William Butler Yeats

The Cat And The Moon - Analysis

A fable of kinship between instinct and the sky

Yeats’s poem treats the cat Minnaloushe and the moon as close relatives—not because they resemble each other on the surface, but because they share a deeper law: restless change. The cat went here and there while the moon spun round like a top, and that pairing sets up the poem’s central claim: animal life and celestial motion aren’t opposites; they are two versions of the same wandering energy. Yet the kinship is uneasy. The moon’s pure cold light both attracts and disturbs, as if beauty, when it is too distant and exact, can unsettle the body that looks up at it.

The moon’s coldness, the cat’s troubled blood

The poem makes the moon feel almost antiseptic—pure and cold—and then immediately places that chill against animal blood. Minnaloushe stared not out of calm admiration but because the light troubled him. That verb matters: the moon isn’t simply an object; it acts on him, stirring something half-fearful, half-fascinated. Even the cat’s name, Black Minnaloushe, sharpens the contrast: black fur under a white moon, warm life under an impersonal lamp.

The invitation to dance: playfulness with a serious edge

Mid-poem the speaker turns directly to the cat—Do you dance—and the tone briefly becomes teasing, even charming. But the dance isn’t merely cute; it’s a proposal for how to live with change. When two close kindred meet, the speaker asks, What better than call a dance? The moon’s motion becomes a kind of etiquette, a courtly fashion, and the speaker imagines the cat teaching the moon a new dance turn. That fantasy flips the power dynamic: instead of the animal being ruled by the sky, the animal might instruct the sacred thing above.

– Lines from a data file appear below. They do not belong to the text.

(* Let $G$ be a finite, simple, connected graph with vertex set $V$ and maximum degree $m$, and let $\sigma:V\to V$ be an involution of $G$. Let $v\in V$ with $v':=\sigma(v)\neq v$, and let $d=d(v,v')$ be the graph distance between $v$ and $v'$. For a real number $Q$, let $H=A_G+D_Q$ where the potential is $Q$ at $v$ and at $v'$ and $0$ at every other vertex. Then for every $Q\ge m$, $$F(Q)>1-\frac{16\sqrt{m+1}}{\sqrt{Q}},$$ and moreover this lower bound is attained by $p(t)$ at some time $t\ge 0$ with $t=O\big(Q^{d-1}\big)$ as $Q\to\infty$.
   Context: $A_G$ is the adjacency matrix of $G$ and $D_Q$ is the diagonal matrix whose diagonal entries are the potential values at the vertices. An involution of $G$ is a bijection $\sigma:V\to V$ with $\sigma\circ\sigma=\mathrm{id}$ such that $x\sim y$ implies $\sigma(x)\sim\sigma(y)$ (and which preserves the potential; here the potential is $Q$ on $\{v,v'\}$ and $0$ elsewhere, so this holds automatically). The transfer probability from $v$ to $v'$ at time $t$ is $p(t)=|\langle e_v, e^{itH} e_{v'}\rangle|^2$, where $e_x$ is the standard basis vector of vertex $x$, and the fidelity is $F(Q)=\sup_{t\ge 0}p(t)$. *)

theory Defs
  imports "HOL-Analysis.Analysis" "HOL-Library.Landau_Symbols"
begin

definition simple_graph :: "('n \<Rightarrow> 'n \<Rightarrow> bool) \<Rightarrow> bool" where
  "simple_graph E \<longleftrightarrow> (\<forall>x y. E x y \<longrightarrow> E y x) \<and> (\<forall>x. \<not> E x x)"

Phases and pupils: the poem’s real subject is transformation

The later lines quietly deepen the poem from flirtation into meditation. The moon, once a steady cold presence, is suddenly a body that has taken a new phase. Then the poem tightens the connection: Minnaloushe’s pupils will pass from change to change, mirroring the moon’s shift from round to crescent and back again. The cat’s eyes literally alter with light, so the moon is not only an object he watches; it is a force that reshapes his perception. The tension is that Minnaloushe seems both driven and dignified—he creeps and runs like an instinctive hunter, yet he is also important and wise, as if wisdom here means accepting you are made to be altered.

Alone under the sacred lamp: dignity without comfort

The ending keeps its wonder but refuses comfort. Minnaloushe moves alone, traveling from moonlit place to place, and the moon is explicitly named sacred, a word that elevates it beyond mere scenery. Still, the sacredness doesn’t warm; it governs. The final image—His changing eyes lifted to the changing moon—lands on a kind of mutual mutability: not a stable self admiring a stable heaven, but two changing things locked into a relationship neither can escape.

The unsettling question the poem leaves behind

When the speaker asks, Does Minnaloushe know, it’s hard not to hear a question about us as well. If the cat’s pupils change because of the moon, how much of what looks like our own choice or wisdom is really just an exquisite adjustment to whatever light happens to be overhead?